Clinical presentation of HD may include changes in personality, behavior, cognition, speech, and coordination. Physical changes include random uncoordinated extremity movements (chorea), rigidity, leg stiffness, clumsiness, slowness of movement, tremors and muscle spasms. As the disease progresses, concentration on cognitive tasks becomes increasingly difficult, and an individual may have difficulty swallowing and feeding himself. Family history of HD is usually but not always positive.
HD is genetic. Symptoms may show up early in childhood, but in most cases, the first noticeable signs are in a person’s 30s or 40s. There is no cure or treatment for HD. Treatments currently in use are designed solely for the purpose of managing the symptoms of the disease. Death usually occurs at about 15 to 20 years after onset of symptoms and is due to complications of the disease.

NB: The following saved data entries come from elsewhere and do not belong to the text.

(* Let $d\in\{-163,-67,-43,-19,-11,-7,-3,-2,-1\}$ and work in $\mathcal O_{\mathbb{Q}(\sqrt{d})}$. Suppose $z\in\mathcal O_{\mathbb{Q}(\sqrt{d})}\setminus\{0\}$ satisfies $I_n^*(z)=t$ for some $n\in\{1,2\}$ and some $t\in\mathbb{N}\setminus\{1\}$. Then the norm $N(z)=z\bar z$ is even.
   Context: $\mathcal O_{\mathbb{Q}(\sqrt{d})}$ is $\mathbb{Z}[\frac{1+\sqrt d}{2}]$ if $d\equiv 1 \pmod 4$ and $\mathbb{Z}[\sqrt d]$ if $d\equiv 2,3\pmod 4$; for the listed $d$ it is a unique factorization domain. Viewing elements as complex numbers, $|z|=\sqrt{z\bar z}$ and $\arg(z)\in[0,2\pi)$. Define $A(d)$ to be the set of nonzero $z\in\mathcal O_{\mathbb{Q}(\sqrt{d})}$ with $0\le\arg(z)<\pi/2$ if $d=-1$, with $0\le \arg(z)<\pi/3$ if $d=-3$, and with $0\le\arg(z)<\pi$ otherwise. Two elements are relatively prime if they have no nonunit common divisor. For nonzero $x,z$, write $x\Diamond z$ iff $x\in A(d)$, $x\mid z$, and $x$ is relatively prime to $z/x$. For $m\in\mathbb{Z}$ define $\delta_m^*(z)=\sum_{x\Diamond z}|x|^m$ and $I_m^*(z)=\delta_m^*(z)/|z|^m$ for nonzero $z$. *)

theory Defs
  imports "HOL-Analysis.Analysis"
begin

definition csqrt_int :: "int \<Rightarrow> complex" where
  "csqrt_int d = (if d \<ge> 0 then complex_of_real (sqrt (of_int d))
                  else \<i> * complex_of_real (sqrt (of_int (- d))))"

definition omega :: "int \<Rightarrow> complex" where
  "omega d = (if d mod 4 = 1 then (1 + csqrt_int d) / 2 else csqrt_int d)"

definition OK :: "int \<Rightarrow> complex set" where
  "OK d = {of_int a + of_int b * omega d | a b :: int. True}"

definition arg02pi :: "complex \<Rightarrow> real" where
  "arg02pi z = (if Arg z < 0 then Arg z + 2 * pi else Arg z)"

definition A :: "int \<Rightarrow> complex set" where
  "A d = {z \<in> OK d. z \<noteq> 0 \<and> 0 \<le> arg02pi z \<and>
            arg02pi z < (if d = -1 then pi / 2 else if d = -3 then pi / 3 else pi)}"

definition dvdO :: "int \<Rightarrow> complex \<Rightarrow> complex \<Rightarrow> bool" where
  "dvdO d x y \<longleftrightarrow> x \<in> OK d \<and> (\<exists>w \<in> OK d. y = x * w)"

definition unitO :: "int \<Rightarrow> complex \<Rightarrow> bool" where
  "unitO d u \<longleftrightarrow> u \<in> OK d \<and> (\<exists>v \<in> OK d. u * v = 1)"

definition rel_primeO :: "int \<Rightarrow> complex \<Rightarrow> complex \<Rightarrow> bool" where
  "rel_primeO d x y \<longleftrightarrow> (\<forall>c \<in> OK d. dvdO d c x \<and> dvdO d c y \<longrightarrow> unitO d c)"

definition diamond :: "int \<Rightarrow> complex \<Rightarrow> complex \<Rightarrow> bool" where
  "diamond d x z \<longleftrightarrow> x \<in> A d \<and> dvdO d x z \<and> rel_primeO d x (z / x)"

definition delta_star :: "int \<Rightarrow> int \<Rightarrow> complex \<Rightarrow> real" where
  "delta_star d m z = (\<Sum>x \<in> {x. diamond d x z}. cmod x powi m)"

definition I_star :: "int \<Rightarrow> int \<Rightarrow> complex \<Rightarrow> real" where
  "I_star d m z = delta_star d m z / (cmod z powi m)"

end

theory Submission
  imports Defs "HOL-Computational_Algebra.Nth_Powers" "HOL-Computational_Algebra.Squarefree"
begin

section \<open>The ring of integers of an imaginary quadratic field\<close>

definition tr_omega :: "int \<Rightarrow> int" where
  "tr_omega d = (if d mod 4 = 1 then 1 else 0)"

definition nm_omega :: "int \<Rightarrow> int" where
  "nm_omega d = (if d mod 4 = 1 then (1 - d) div 4 else - d)"

definition normO :: "complex \<Rightarrow> nat" where
  "normO x = nat \<lfloor>(cmod x)\<^sup>2\<rfloor>"

locale imag_quad =
  fixes d :: int
  assumes d_neg: "d < 0"
begin

lemma csqrt_int_d: "csqrt_int d = \<i> * of_real (sqrt (of_int (- d)))"
  using d_neg by (simp add: csqrt_int_def)

lemma Im_omega: "Im (omega d) = (if d mod 4 = 1 then sqrt (- d) / 2 else sqrt (- d))"
  by (simp add: omega_def csqrt_int_d)

lemma Re_omega: "Re (omega d) = (if d mod 4 = 1 then 1 / 2 else 0)"
  by (simp add: omega_def csqrt_int_d)

lemma Im_omega_pos: "Im (omega d) > 0"
  using d_neg by (simp add: Im_omega)

lemma omega_squared: "omega d * omega d = of_int (tr_omega d) * omega d - of_int (nm_omega d)"
proof -
  let ?s = "complex_of_real (sqrt (of_int (- d)))"
  have s: "?s * ?s = - of_int d"
  proof -
    have "sqrt (of_int (- d)) * sqrt (of_int (- d)) = (of_int (- d) :: real)" using d_neg by simp
    then show ?thesis by (metis of_int_minus of_real_mult of_real_of_int_eq)
  qed
  show ?thesis
  proof (cases "d mod 4 = 1")
    case True
    then have "(4::int) dvd (1 - d)" by presburger
    then have nm: "of_int (nm_omega d) = (1 - of_int d :: complex) / 4"
      using True of_int_div[of 4 "1 - d"] by (simp add: nm_omega_def)
    show ?thesis
      using True s by (simp add: omega_def csqrt_int_d tr_omega_def nm field_simps)
  next
    case False
    then have "omega d * omega d = \<i> * \<i> * (?s * ?s)"
      by (simp add: omega_def csqrt_int_d ac_simps)
    with False s show ?thesis
      by (simp add: tr_omega_def nm_omega_def)
  qed
qed

lemma cnj_omega: "cnj (omega d) = of_int (tr_omega d) - omega d"
  by (simp add: complex_eq_iff Re_omega Im_omega tr_omega_def)

lemma OK_iff: "x \<in> OK d \<longleftrightarrow> (\<exists>a b. x = of_int a + of_int b * omega d)"
  by (simp add: OK_def)

lemma OK_intro: "of_int a + of_int b * omega d \<in> OK d"
  by (auto simp: OK_iff)

lemma OK_of_int [simp]: "of_int a \<in> OK d"
  using OK_intro[of a 0] by simp

lemma OK_0 [simp]: "0 \<in> OK d"
  using OK_of_int[of 0] by simp

lemma OK_1 [simp]: "1 \<in> OK d"
  using OK_of_int[of 1] by simp

lemma OK_of_nat [simp]: "of_nat a \<in> OK d"
  using OK_of_int[of "int a"] by simp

The Social Security Administration has long recognized that the length of the disability claims process is problematic, especially for those with terminal or degenerative conditions. Because of this, they began the Compassionate Allowances program in 2008. This program seeks to expedite the process for those whose conditions clearly qualify them as completely disabled.
The SSA began compiling a list of conditions which automatically qualify claimants for Social Security disability benefits. They have steadily added to this list. If you have been diagnosed with adult onset HD, your claim will automatically be flagged for a compassionate allowance. In most cases, your claim will be approved in a matter of two to six weeks.
HD has been approved for listing for Compassionate Allowances, the process of applying for Social Security disability benefits with the condition has become significantly easier. If you have been diagnosed, you no longer wonder whether you qualify for disability benefits, nor do you need to worry about going through a drawn-out approval process.
You will need to include the information pertinent to your adult onset HD with your claim. This will include your doctor’s diagnosis as well as the basis of that diagnosis. In most cases, this will mean including records of any neurological tests, genetic testing, and brain imaging which were used in making the diagnosis.
Other Medical documentation you will need includes:
Claimant’s medical source(s) records documenting progression of motor, cognitive, and psychiatric symptoms and signs; family history of HD; and abnormal neurological exam findings consistent with HD.
Laboratory testing showing a CAG repeat expansion in the HD gene (40 or more CAG repeats).
Brain imaging (MRI) may provide supporting evidence.
Psychological or psychiatric reports including neurocognitive testing.